If I had asked why the query might, or might not, crash – the answer would be about the order of predicate evaluation, and simply collecting stats (or not) might have made a difference. Ever since “system stats”  and “CPU costing” appeared the optimizer has been able to change the order in which it applies filter predicates to a table (there’s a pdf of an article of mine from Oracle magazine in the 9i / 10g timeline linked at this URL) .  In this case, applying the “cal > 0″ predicate first luckily eliminates the rows that would fail the second predicate. Since the effect is driven by the optimizer’s stats this type of failure could occur ANY TIME you have a predicate that requires coercion between types to take place – which is one reason why you see the injunctions to use the correct data types; and why, if you need coercion to work around incorrect data types you have to consider writing your own functions to trap and resolve the necessary errors raised by Oracle’s implicit conversion mechanisms.

For a quick sketch of the optimizer strategy, the arithmetic is roughly:  predicate A costs c1 and predicate B costs c2; if I apply predicate A to every row I have to apply predicate B to only N surviving rows; if I apply predicate B to every row I have to apply predicate A to M surviving rows; which is smaller: (input_rows * c1 + N * c2) or (input_rows * c2 + M * c1).
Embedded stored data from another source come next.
(* Let $d\in\mathbb{N}$ and $M(t)=t\log(e+t)$, $t>0$. For every measurable $f$ on $\mathbb{R}^d\setminus\mathbb{B}^d$, $$\|Vf\|_{L_M(\mathbb{B}^d)}\leq (2d+2)\|f\|_{L_M(\mathbb{R}^d\setminus\mathbb{B}^d)}+(2d+2)\int_{\mathbb{R}^d\setminus\mathbb{B}^d}|f(s)|\log(1+|s|)ds.$$
   Context: $\mathbb{B}^d$ is the unit ball in $\mathbb{R}^d$; all spaces carry Lebesgue measure. $(Vf)(t)=|t|^{-2d}f(t/|t|^2)$, so for $f$ on $\mathbb{R}^d\setminus\mathbb{B}^d$ the function $Vf$ is defined on $\mathbb{B}^d$. For a measurable set $\Omega$, $\|g\|_{L_M(\Omega)}=\inf\{\lambda>0:\int_\Omega M(|g|/\lambda)\le1\}$. *)

theory Defs
  imports "HOL-Analysis.Analysis"
begin

definition LlogL :: "real \<Rightarrow> real" where
  "LlogL t = t * ln (exp 1 + t)"

text \<open>Luxemburg norm on a set Omega w.r.t. Lebesgue measure, valued in [0, infinity]
  (the infimum of the empty set is infinity).\<close>
definition orlicz_norm :: "(real \<Rightarrow> real) \<Rightarrow> 'a::euclidean_space set \<Rightarrow> ('a \<Rightarrow> real) \<Rightarrow> ennreal" where
  "orlicz_norm M \<Omega> g =
     (INF c\<in>{c::real. c > 0 \<and> (\<integral>\<^sup>+ x\<in>\<Omega>. ennreal (M (\<bar>g x\<bar> / c)) \<partial>lebesgue) \<le> 1}. ennreal c)"

definition Vop :: "('a::euclidean_space \<Rightarrow> real) \<Rightarrow> 'a \<Rightarrow> real" where
  "Vop f t = norm t powr (- 2 * real DIM('a)) * f (t /\<^sub>R (norm t)\<^sup>2)"

end

theory Submission
  imports Defs
begin

(*
  The inversion s \<mapsto> s / |s|^2 maps the exterior of the unit ball onto the punctured ball
  with Jacobian |s|^(-2d), so \<integral>_B h = \<integral>_{|s|>1} Vh for nonnegative h.  For h = M(|Vf| / l)
  one has Vh(s) = M(b |f(s)| / l) / b with b = |s|^(2d) \<ge> 1, and the elementary inequality
  M(b a) / b \<le> M(a) + a log b together with M(t a) \<le> t M(a) for t \<le> 1 gives, for 0 < c \<le> l,
    \<integral>_B M(|Vf| / l) \<le> (c / l) \<integral> M(|f| / c) + (2d / l) \<integral> |f(s)| log(1 + |s|).
  With l = c + 2d \<integral> |f(s)| log(1 + |s|) the right-hand side is at most 1 whenever c is admissible
  for the Luxemburg norm of f, whence \<parallel>Vf\<parallel> \<le> \<parallel>f\<parallel> + 2d \<integral> |f(s)| log(1 + |s|), which is sharper
  than the claimed bound.
*)

definition sphere_inversion :: "'a::real_inner \<Rightarrow> 'a" where
  "sphere_inversion x = inverse (x \<bullet> x) *\<^sub>R x"

definition reflect_along :: "'a::real_inner \<Rightarrow> 'a \<Rightarrow> 'a" where
  "reflect_along x h = h - (2 * (x \<bullet> h) / (x \<bullet> x)) *\<^sub>R x"

lemma sphere_inversion_eq_0_iff [simp]: "sphere_inversion x = 0 \<longleftrightarrow> x = 0"
  by (simp add: sphere_inversion_def)

lemma sphere_inversion_sphere_inversion [simp]: "sphere_inversion (sphere_inversion x) = x"
  by (cases "x = 0") (auto simp: sphere_inversion_def field_simps)

lemma inner_sphere_inversion: "sphere_inversion x \<bullet> sphere_inversion x = inverse (x \<bullet> x)"
  by (cases "x \<bullet> x = 0") (auto simp: sphere_inversion_def field_simps power2_eq_square)

lemma norm_sphere_inversion [simp]: "norm (sphere_inversion x) = inverse (norm x)"
  by (simp add: norm_eq_sqrt_inner inner_sphere_inversion real_sqrt_inverse)

lemma has_derivative_sphere_inversion:
  fixes x :: "'a::real_inner"
  assumes "x \<noteq> 0"
  shows "(sphere_inversion has_derivative (\<lambda>h. inverse (x \<bullet> x) *\<^sub>R reflect_along x h)) (at x within S)"
proof -
  have xx: "x \<bullet> x \<noteq> 0" using assms by simp
  have "((\<lambda>y. inverse (y \<bullet> y) *\<^sub>R y) has_derivative
     (\<lambda>h. inverse (x \<bullet> x) *\<^sub>R h + (- (inverse (x \<bullet> x) * (x \<bullet> h + h \<bullet> x) * inverse (x \<bullet> x))) *\<^sub>R x))
     (at x within S)"
    by (rule has_derivative_scaleR[OF Deriv.has_derivative_inverse[OF xx
          has_derivative_inner[OF has_derivative_ident has_derivative_ident]] has_derivative_ident])
  moreover have "inverse (x \<bullet> x) *\<^sub>R h + (- (inverse (x \<bullet> x) * (x \<bullet> h + h \<bullet> x) * inverse (x \<bullet> x))) *\<^sub>R x
      = inverse (x \<bullet> x) *\<^sub>R reflect_along x h" for h
    by (simp add: reflect_along_def inner_commute[of h x] scaleR_diff_right divide_inverse algebra_simps)
  ultimately show ?thesis
    unfolding sphere_inversion_def[abs_def] by simp
qed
The answer to the question I actually asked is this, though: I stressed the fact that this was the COMPLETE output because, as Narenda highlighted in comment 7 below –  the first query shows a note about dynamic sampling and the second query does not. This is a little surprising; we don’t have stats on the table, and the two queries are different so we have to optimizer both of them.  In 12c, of course, it’s possible that the optimizer may have done something clever with statistics feedback (formerly cardinality feedback) and created an SQL directive – but even then we should have seen a note about that.

For the bonus question: given the second output doesn’t report dynamic sampling we should be curious why not – did the optimizer simply decide not to try, did it try then decide not to use the results for some reason, or is there some other reason.  The obvious next step is to look at the 10053 (optimizer) trace – where you find that the optimizer DID do dynamic sampling or rather, it tried to do dynamic sampling but the query generated to take the sample failed with Oracle error ORA-01843, as suggested by Chinar Aliyev in comment 9  and expanded by Mohamed Houri in comment 11.

The irony of the sampling problem (hinted by Chinar Aliyev in comment 10) is that you could be in a position where you have a large table and oracle picks a small sample which happens to miss any of the problem rows and then return a sample that persuades the optimizer to pick an execution plan that is bound to find a problem row; alternatively the SQL used to generate the sample might apply the predicate in an order that manages to eliminate the problem rows, while the final plan derived after sampling persuades the optimizer to use the predicate in the order B, A.